John Boehner’s Side of the Fiscal Cliff Story
In “The Education of John Boehner,” WSJ‘s Stephen Moore sits down with the chain-smoking Speaker to talk about the 13th hour deal to address the fiscal cliff.
What stunned House Speaker John Boehner more than anything else during his prolonged closed-door budget negotiations with Barack Obama was this revelation: “At one point several weeks ago,” Mr. Boehner says, “the president said to me, ‘We don’t have a spending problem.’ ”
The president’s insistence that Washington doesn’t have a spending problem, Mr. Boehner says, is predicated on the belief that massive federal deficits stem from what Mr. Obama called “a health-care problem.” Mr. Boehner says that after he recovered from his astonishment—”They blame all of the fiscal woes on our health-care system”—he replied: “Clearly we have a health-care problem, which is about to get worse with ObamaCare. But, Mr. President, we have a very serious spending problem.” He repeated this message so often, he says, that toward the end of the negotiations, the president became irritated and said: “I’m getting tired of hearing you say that.”

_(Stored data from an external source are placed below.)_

(* Let $K$ be an infinite commutative domain and $R$ an associative $K$-algebra on which $K$ acts torsion-freely. (i) If a semigroup $S$ satisfies an identity in variables $x,y,x_3,\dots$ which is left reduced (respectively right reduced, reduced), then $S$ satisfies an identity of the same type involving only the variables $x$ and $y$. (ii) If $R$ satisfies a binomial identity then either $R$ is bounded nil or $(R,\cdot)$ satisfies a semigroup identity. (iii) If $R$ satisfies a binomial identity which is left reduced (respectively right reduced, reduced) then $R$ satisfies a partial linear identity of the same type. (iv) If $y^n=0$ for all $y\in R$ then $e_{2n-1}=0$ for all $x,y\in R$.
   Context: A semigroup identity is $u=v$ with $u\ne v$ words in the free semigroup on $\{x,y,x_3,\dots\}$; it is left reduced if the first letters of $u,v$ differ, right reduced if the last letters differ, reduced if both. A binomial identity is a nontrivial polynomial identity $\alpha_1u_1+\alpha_2u_2=0$ ($u_1,u_2$ monomials, $\alpha_i\in K$), with left/right reduced defined via $u_1,u_2$ in the same way. $R$ is bounded nil if there is $n$ with $r^n=0$ for all $r\in R$. A partial linear identity is a nontrivial identity $\sum_{i=0}^n\alpha_iy^ixy^{n-i}=0$ ($\alpha_i\in K$); it is left reduced if $\alpha_0\ne0$, right reduced if $\alpha_n\neq0$, reduced if both. $e_1=[x,y]=xy-yx$, $e_{m+1}=[e_m,y]$. *)

theory Defs
  imports Complex_Main
begin

text \<open>Variables of the free semigroup are natural numbers: 0 = x, 1 = y, 2 = x_3, 3 = x_4, ...
  Words (elements of the free semigroup) are nonempty lists of variables.\<close>

type_synonym word = "nat list"

fun eval_word :: "(nat \<Rightarrow> 'a::semigroup_mult) \<Rightarrow> word \<Rightarrow> 'a" where
  "eval_word \<sigma> [] = undefined"
| "eval_word \<sigma> [v] = \<sigma> v"
| "eval_word \<sigma> (v # w # ws) = \<sigma> v * eval_word \<sigma> (w # ws)"

definition sg_identity :: "word \<Rightarrow> word \<Rightarrow> bool" where
  "sg_identity u v \<longleftrightarrow> u \<noteq> [] \<and> v \<noteq> [] \<and> u \<noteq> v"

definition sg_satisfies :: "'a::semigroup_mult itself \<Rightarrow> word \<Rightarrow> word \<Rightarrow> bool" where
  "sg_satisfies T u v \<longleftrightarrow> (\<forall>\<sigma> :: nat \<Rightarrow> 'a. eval_word \<sigma> u = eval_word \<sigma> v)"

definition left_reduced :: "word \<Rightarrow> word \<Rightarrow> bool" where
  "left_reduced u v \<longleftrightarrow> hd u \<noteq> hd v"

definition right_reduced :: "word \<Rightarrow> word \<Rightarrow> bool" where
  "right_reduced u v \<longleftrightarrow> last u \<noteq> last v"

definition reduced :: "word \<Rightarrow> word \<Rightarrow> bool" where
  "reduced u v \<longleftrightarrow> left_reduced u v \<and> right_reduced u v"

definition in_xy :: "word \<Rightarrow> word \<Rightarrow> bool" where
  "in_xy u v \<longleftrightarrow> set u \<union> set v \<subseteq> {0, 1}"

definition assoc_algebra :: "('k::comm_ring_1 \<Rightarrow> 'r::ring \<Rightarrow> 'r) \<Rightarrow> bool" where
  "assoc_algebra sc \<longleftrightarrow> module sc \<and>
     (\<forall>a r s. sc a (r * s) = sc a r * s \<and> sc a (r * s) = r * sc a s)"

definition torsion_free :: "('k::comm_ring_1 \<Rightarrow> 'r::ring \<Rightarrow> 'r) \<Rightarrow> bool" where
  "torsion_free sc \<longleftrightarrow> (\<forall>a r. a \<noteq> 0 \<longrightarrow> sc a r = 0 \<longrightarrow> r = 0)"

text \<open>Binomial polynomial a1 u1 + a2 u2 in the free (non-unital) algebra; it is nonzero
  (nontrivial) iff the monomials differ and some coefficient is nonzero, or the monomials
  coincide and the coefficients do not cancel.\<close>
definition binomial_nontrivial :: "'k::comm_ring_1 \<Rightarrow> word \<Rightarrow> 'k \<Rightarrow> word \<Rightarrow> bool" where
  "binomial_nontrivial a1 u1 a2 u2 \<longleftrightarrow> u1 \<noteq> [] \<and> u2 \<noteq> [] \<and>
     ((u1 \<noteq> u2 \<and> (a1 \<noteq> 0 \<or> a2 \<noteq> 0)) \<or> (u1 = u2 \<and> a1 + a2 \<noteq> 0))"

definition binomial_satisfies ::
  "('k::comm_ring_1 \<Rightarrow> 'r::ring \<Rightarrow> 'r) \<Rightarrow> 'k \<Rightarrow> word \<Rightarrow> 'k \<Rightarrow> word \<Rightarrow> bool" where
  "binomial_satisfies sc a1 u1 a2 u2 \<longleftrightarrow>
     (\<forall>\<sigma>. sc a1 (eval_word \<sigma> u1) + sc a2 (eval_word \<sigma> u2) = 0)"

definition pl_mono :: "nat \<Rightarrow> nat \<Rightarrow> word" where
  "pl_mono n i = replicate i 1 @ [0] @ replicate (n - i) 1"

definition pl_satisfies :: "('k::comm_ring_1 \<Rightarrow> 'r::ring \<Rightarrow> 'r) \<Rightarrow> nat \<Rightarrow> (nat \<Rightarrow> 'k) \<Rightarrow> bool" where
  "pl_satisfies sc n \<alpha> \<longleftrightarrow>
     (\<forall>x y :: 'r. (\<Sum>i\<le>n. sc (\<alpha> i) (eval_word (\<lambda>v. if v = 0 then x else y) (pl_mono n i))) = 0)"

definition pl_nontrivial :: "nat \<Rightarrow> (nat \<Rightarrow> 'k::zero) \<Rightarrow> bool" where
  "pl_nontrivial n \<alpha> \<longleftrightarrow> (\<exists>i\<le>n. \<alpha> i \<noteq> 0)"

text \<open>Power r^n for n \<ge> 1 in a (possibly non-unital) semigroup.\<close>
definition spow :: "'a::semigroup_mult \<Rightarrow> nat \<Rightarrow> 'a" where
  "spow r n = eval_word (\<lambda>_. r) (replicate n 0)"

definition bounded_nil :: "'r::ring itself \<Rightarrow> bool" where
  "bounded_nil T \<longleftrightarrow> (\<exists>n\<ge>1. \<forall>r :: 'r. spow r n = 0)"

fun e_comm :: "'r::ring \<Rightarrow> 'r \<Rightarrow> nat \<Rightarrow> 'r" where
  "e_comm x y 0 = x"
| "e_comm x y (Suc m) = e_comm x y m * y - y * e_comm x y m"

end

theory Submission
  imports Defs "HOL-Computational_Algebra.Polynomial"
begin
(* Let $G$ be a connected bipartite graph with at least $3$ vertices. Then \[ \mathcal{H}_G=[1,\infty),\qquad [2,\infty)\subset\mathcal{H}^\phi_G\subset[1,\infty),\qquad \{1\}\cup[3,\infty)\subset\mathcal{H}^\psi_G\subset[1,\infty). \] If moreover $K_{2,2}\subset G\subset K_{2,m}$ for some $m\ge2$, then $\mathcal{H}^\phi_G=[2,\infty)$ and $\{1\}\cup[2,\infty)\subset\mathcal{H}^\psi_G\subset[1,\infty)$.
   Context: Graphs are finite and simple; $K_{a,b}$ is the complete bipartite graph, and $\subset$ between graphs means subgraph containment (up to isomorphism). For a graph $G$ on $\{1,\dots,n\}$ and $I\subset\mathbb{R}$, $\mathcal{P}_G(I)$ is the set of real symmetric PSD $n\times n$ matrices with entries in $I$ and $a_{ij}=0$ whenever $i\ne j$ and $(i,j)$ is not an edge; $\mathcal{P}_G=\mathcal{P}_G(\mathbb{R})$. $A^{\circ\alpha}=(a_{ij}^\alpha)$ with $0^\alpha:=0$; $\psi_\alpha(x)=\mathrm{sgn}(x)|x|^\alpha$, $\phi_\alpha(x)=|x|^\alpha$ ($x\ne0$), $\psi_\alpha(0)=\phi_\alpha(0)=0$, applied entrywise. $\mathcal{H}_G=\{\alpha\in\mathbb{R}:A^{\circ\alpha}\in\mathcal{P}_G\ \forall A\in\mathcal{P}_G([0,\infty))\}$, $\mathcal{H}_G^\psi=\{\alpha:\psi_\alpha[A]\in\mathcal{P}_G\ \forall A\in\mathcal{P}_G(\mathbb{R})\}$, $\mathcal{H}_G^\phi=\{\alpha:\phi_\alpha[A]\in\mathcal{P}_G\ \forall A\in\mathcal{P}_G(\mathbb{R})\}$. *)

theory Defs
  imports Complex_Main
begin

text \<open>A finite simple graph on the vertex set {0..<n} (the paper uses {1..n}),
  given by its number of vertices and a symmetric irreflexive edge relation.\<close>
type_synonym graph = "nat \<times> (nat \<Rightarrow> nat \<Rightarrow> bool)"

definition nverts :: "graph \<Rightarrow> nat" where "nverts G = fst G"
definition adj :: "graph \<Rightarrow> nat \<Rightarrow> nat \<Rightarrow> bool" where "adj G = snd G"

definition simple_graph :: "graph \<Rightarrow> bool" where
  "simple_graph G \<longleftrightarrow> (\<forall>i j. adj G i j \<longrightarrow> i < nverts G \<and> j < nverts G \<and> i \<noteq> j \<and> adj G j i)"

definition connected_graph :: "graph \<Rightarrow> bool" where
  "connected_graph G \<longleftrightarrow> (\<forall>i j. i < nverts G \<and> j < nverts G \<longrightarrow> (adj G)\<^sup>*\<^sup>* i j)"

definition bipartite_graph :: "graph \<Rightarrow> bool" where
  "bipartite_graph G \<longleftrightarrow> (\<exists>c :: nat \<Rightarrow> bool. \<forall>i j. adj G i j \<longrightarrow> c i \<noteq> c j)"

definition K_bip :: "nat \<Rightarrow> nat \<Rightarrow> graph" where
  "K_bip a b = (a + b, \<lambda>i j. i < a + b \<and> j < a + b \<and> ((i < a \<and> a \<le> j) \<or> (j < a \<and> a \<le> i)))"

definition subgraph_of :: "graph \<Rightarrow> graph \<Rightarrow> bool" where
  "subgraph_of H G \<longleftrightarrow> (\<exists>f. inj_on f {..<nverts H} \<and> f ` {..<nverts H} \<subseteq> {..<nverts G} \<and>
      (\<forall>i j. adj H i j \<longrightarrow> adj G (f i) (f j)))"

definition psd :: "nat \<Rightarrow> (nat \<Rightarrow> nat \<Rightarrow> real) \<Rightarrow> bool" where
  "psd n A \<longleftrightarrow> (\<forall>i<n. \<forall>j<n. A i j = A j i) \<and>
     (\<forall>x :: nat \<Rightarrow> real. (\<Sum>i<n. \<Sum>j<n. x i * A i j * x j) \<ge> 0)"

definition PG :: "graph \<Rightarrow> real set \<Rightarrow> (nat \<Rightarrow> nat \<Rightarrow> real) set" where
  "PG G I = {A. psd (nverts G) A \<and> (\<forall>i<nverts G. \<forall>j<nverts G. A i j \<in> I) \<and>
      (\<forall>i<nverts G. \<forall>j<nverts G. i \<noteq> j \<and> \<not> adj G i j \<longrightarrow> A i j = 0)}"

definition psi_pow :: "real \<Rightarrow> real \<Rightarrow> real" where
  "psi_pow \<alpha> x = sgn x * \<bar>x\<bar> powr \<alpha>"

definition phi_pow :: "real \<Rightarrow> real \<Rightarrow> real" where
  "phi_pow \<alpha> x = \<bar>x\<bar> powr \<alpha>"

text \<open>Note: 0 powr a = 0, matching the convention 0^alpha := 0.\<close>
definition HG :: "graph \<Rightarrow> real set" where
  "HG G = {\<alpha>. \<forall>A \<in> PG G {0..}. (\<lambda>i j. A i j powr \<alpha>) \<in> PG G UNIV}"

definition HG_psi :: "graph \<Rightarrow> real set" where
  "HG_psi G = {\<alpha>. \<forall>A \<in> PG G UNIV. (\<lambda>i j. psi_pow \<alpha> (A i j)) \<in> PG G UNIV}"

definition HG_phi :: "graph \<Rightarrow> real set" where
  "HG_phi G = {\<alpha>. \<forall>A \<in> PG G UNIV. (\<lambda>i j. phi_pow \<alpha> (A i j)) \<in> PG G UNIV}"

end

theory Submission
  imports Defs
begin

text \<open>
  Bipartite graphs are triangle-free. For a PSD matrix A whose pattern is triangle-free, the
  2x2 minors give A_ij^2 \<le> A_ii A_jj, and testing A against e_i - \<Sum>_j (A_ij / A_jj) e_j, whose
  cross terms vanish for lack of triangles, gives \<Sum>_{j\<noteq>i} A_ij^2 / A_jj \<le> A_ii.
  For A \<ge> 0 and \<alpha> \<ge> 1 the minors give A_ij^\<alpha> \<le> A_ij s_i s_j with s_i = A_ii^((\<alpha>-1)/2), and with
  w_i = \<plusminus>s_i |x_i|, the sign flipped across the bipartition, x^T A^\<circ>\<alpha> x \<ge> w^T A w \<ge> 0.
  Conversely a connected graph on at least 3 vertices contains a path u v w, which carries a PSD
  matrix whose \<alpha>-th power, \<alpha> < 1, is not PSD, and a 4-cycle carries a PSD matrix whose image
  under \<phi>_\<alpha>, \<alpha> < 2, is not PSD.
\<close>

definition quad_form :: "nat \<Rightarrow> (nat \<Rightarrow> nat \<Rightarrow> real) \<Rightarrow> (nat \<Rightarrow> real) \<Rightarrow> real" where
  "quad_form n A x = (\<Sum>i<n. \<Sum>j<n. x i * A i j * x j)"

lemma psd_iff_quad_form:
  "psd n A \<longleftrightarrow> (\<forall>i<n. \<forall>j<n. A i j = A j i) \<and> (\<forall>x. quad_form n A x \<ge> 0)"
  unfolding psd_def quad_form_def by simp

lemma quad_form_eq_sum_support:
  assumes "S \<subseteq> {..<n}"
    and "\<And>i j. i < n \<Longrightarrow> j < n \<Longrightarrow> i \<notin> S \<or> j \<notin> S \<Longrightarrow> x i * A i j * x j = 0"
  shows "quad_form n A x = (\<Sum>i\<in>S. \<Sum>j\<in>S. x i * A i j * x j)"
proof -
  have "quad_form n A x = (\<Sum>i\<in>S. \<Sum>j<n. x i * A i j * x j)"
    unfolding quad_form_def
    by (rule sum.mono_neutral_right) (use assms in \<open>auto intro!: sum.neutral\<close>)
  also have "\<dots> = (\<Sum>i\<in>S. \<Sum>j\<in>S. x i * A i j * x j)"
    by (rule sum.cong[OF refl], rule sum.mono_neutral_right) (use assms in auto)
  finally show ?thesis .
qed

While neither is completely right here, Obama is much closer. If we did nothing else, the deficit would largely disappear if we could get our healthcare costs down to the levels of our Western European counterparts. In addition to the obvious—Medicare, Medicaid, and VA hospitals—health care is everywhere in the federal budget. It’s a significant added cost for all of our civil service and military employees. It’s a massive added cost in maintaining our burgeoning military and civil service retiree populations. Plus, we’d take is radically more tax revenue without changing anything in our tax code if business weren’t writing off huge health insurance expenses.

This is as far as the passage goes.